(* Assume the standing hypotheses (H) below, and assume there exists a positive stationary solution $\bar u\in L^1(\Omega)\cap L^\infty(\Omega)$, i.e. $\mathcal{M}[\bar u]+[a-\int_\Omega k\bar u]\bar u=0$ a.e. in $\Omega$. Let $u_0\in L^1(\Omega)\cap L^\infty(\Omega)$, $u_0\ge0$, $u_0\not\equiv0$, and let $u\in C^1((0,\infty);L^1(\Omega)\cap L^\infty(\Omega))$ be a non-negative solution of $$\partial_t u=\mathcal{M}[u]+\Big[a(x)-\int_\Omega k(y)u(t,y)\,dy\Big]u,\qquad u(0,\cdot)=u_0.$$ Then there exist constants $C_2>c_2>0$, depending on $u_0$, such that $c_2\le\|u(t,\cdot)\|_{L^2(\Omega)}<C_2$ for all $t>0$.
   Context: Standing hypotheses (H): $\Omega\subset\mathbb{R}^N$ is an open bounded connected set with Lipschitz boundary; $a$ continuous on $\bar\Omega$ and positive; $m\ge0$ symmetric, $m(x,\cdot)$ measurable for every $x$, $m(\cdot,y)$ uniformly continuous for a.e. $y$, with $\sup_x\int_\Omega m(x,y)dy<\infty$; $k=k(y)$ with $c_0\mathbf{1}_\Omega\le k\le C_0\mathbf{1}_\Omega$ for constants $C_0\ge c_0>0$. $\mathcal{M}[v](x):=\int_\Omega m(x,y)[v(y)-v(x)]dy$. *)

theory Defs
  imports "HOL-Analysis.Analysis"
begin

text \<open>Lipschitz boundary: near every boundary point, after choosing a unit direction e,
  the domain is the (strict) supergraph in direction e of a Lipschitz function defined
  on the hyperplane orthogonal to e (gamma is evaluated on the orthogonal projection).\<close>
definition lipschitz_boundary :: "'a::euclidean_space set \<Rightarrow> bool" where
  "lipschitz_boundary \<Omega> \<longleftrightarrow>
     (\<forall>x0\<in>frontier \<Omega>. \<exists>r>0. \<exists>e::'a. norm e = 1 \<and>
        (\<exists>(\<gamma>::'a \<Rightarrow> real) L. L-lipschitz_on UNIV \<gamma> \<and>
           \<Omega> \<inter> ball x0 r = {x \<in> ball x0 r. x \<bullet> e > \<gamma> (x - (x \<bullet> e) *\<^sub>R e)}))"

definition nonlocal_op :: "'a::euclidean_space set \<Rightarrow> ('a \<Rightarrow> 'a \<Rightarrow> real) \<Rightarrow> ('a \<Rightarrow> real) \<Rightarrow> 'a \<Rightarrow> real" where
  "nonlocal_op \<Omega> m v x = (LINT y:\<Omega>|lebesgue. m x y * (v y - v x))"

- Directions for this task -
Write out the listing again. Keep every character the same.

- Problem solution -
(* Assume the standing hypotheses (H) below, and assume there exists a positive stationary solution $\bar u\in L^1(\Omega)\cap L^\infty(\Omega)$, i.e. $\mathcal{M}[\bar u]+[a-\int_\Omega k\bar u]\bar u=0$ a.e. in $\Omega$. Let $u_0\in L^1(\Omega)\cap L^\infty(\Omega)$, $u_0\ge0$, $u_0\not\equiv0$, and let $u\in C^1((0,\infty);L^1(\Omega)\cap L^\infty(\Omega))$ be a non-negative solution of $$\partial_t u=\mathcal{M}[u]+\Big[a(x)-\int_\Omega k(y)u(t,y)\,dy\Big]u,\qquad u(0,\cdot)=u_0.$$ Then there exist constants $C_2>c_2>0$, depending on $u_0$, such that $c_2\le\|u(t,\cdot)\|_{L^2(\Omega)}<C_2$ for all $t>0$.
   Context: Standing hypotheses (H): $\Omega\subset\mathbb{R}^N$ is an open bounded connected set with Lipschitz boundary; $a$ continuous on $\bar\Omega$ and positive; $m\ge0$ symmetric, $m(x,\cdot)$ measurable for every $x$, $m(\cdot,y)$ uniformly continuous for a.e. $y$, with $\sup_x\int_\Omega m(x,y)dy<\infty$; $k=k(y)$ with $c_0\mathbf{1}_\Omega\le k\le C_0\mathbf{1}_\Omega$ for constants $C_0\ge c_0>0$. $\mathcal{M}[v](x):=\int_\Omega m(x,y)[v(y)-v(x)]dy$. *)

theory Defs
  imports "HOL-Analysis.Analysis"
begin

text \<open>Lipschitz boundary: near every boundary point, after choosing a unit direction e,
  the domain is the (strict) supergraph in direction e of a Lipschitz function defined
  on the hyperplane orthogonal to e (gamma is evaluated on the orthogonal projection).\<close>
definition lipschitz_boundary :: "'a::euclidean_space set \<Rightarrow> bool" where
  "lipschitz_boundary \<Omega> \<longleftrightarrow>
     (\<forall>x0\<in>frontier \<Omega>. \<exists>r>0. \<exists>e::'a. norm e = 1 \<and>
        (\<exists>(\<gamma>::'a \<Rightarrow> real) L. L-lipschitz_on UNIV \<gamma> \<and>
           \<Omega> \<inter> ball x0 r = {x \<in> ball x0 r. x \<bullet> e > \<gamma> (x - (x \<bullet> e) *\<^sub>R e)}))"

definition nonlocal_op :: "'a::euclidean_space set \<Rightarrow> ('a \<Rightarrow> 'a \<Rightarrow> real) \<Rightarrow> ('a \<Rightarrow> real) \<Rightarrow> 'a \<Rightarrow> real" where
  "nonlocal_op \<Omega> m v x = (LINT y:\<Omega>|lebesgue. m x y * (v y - v x))"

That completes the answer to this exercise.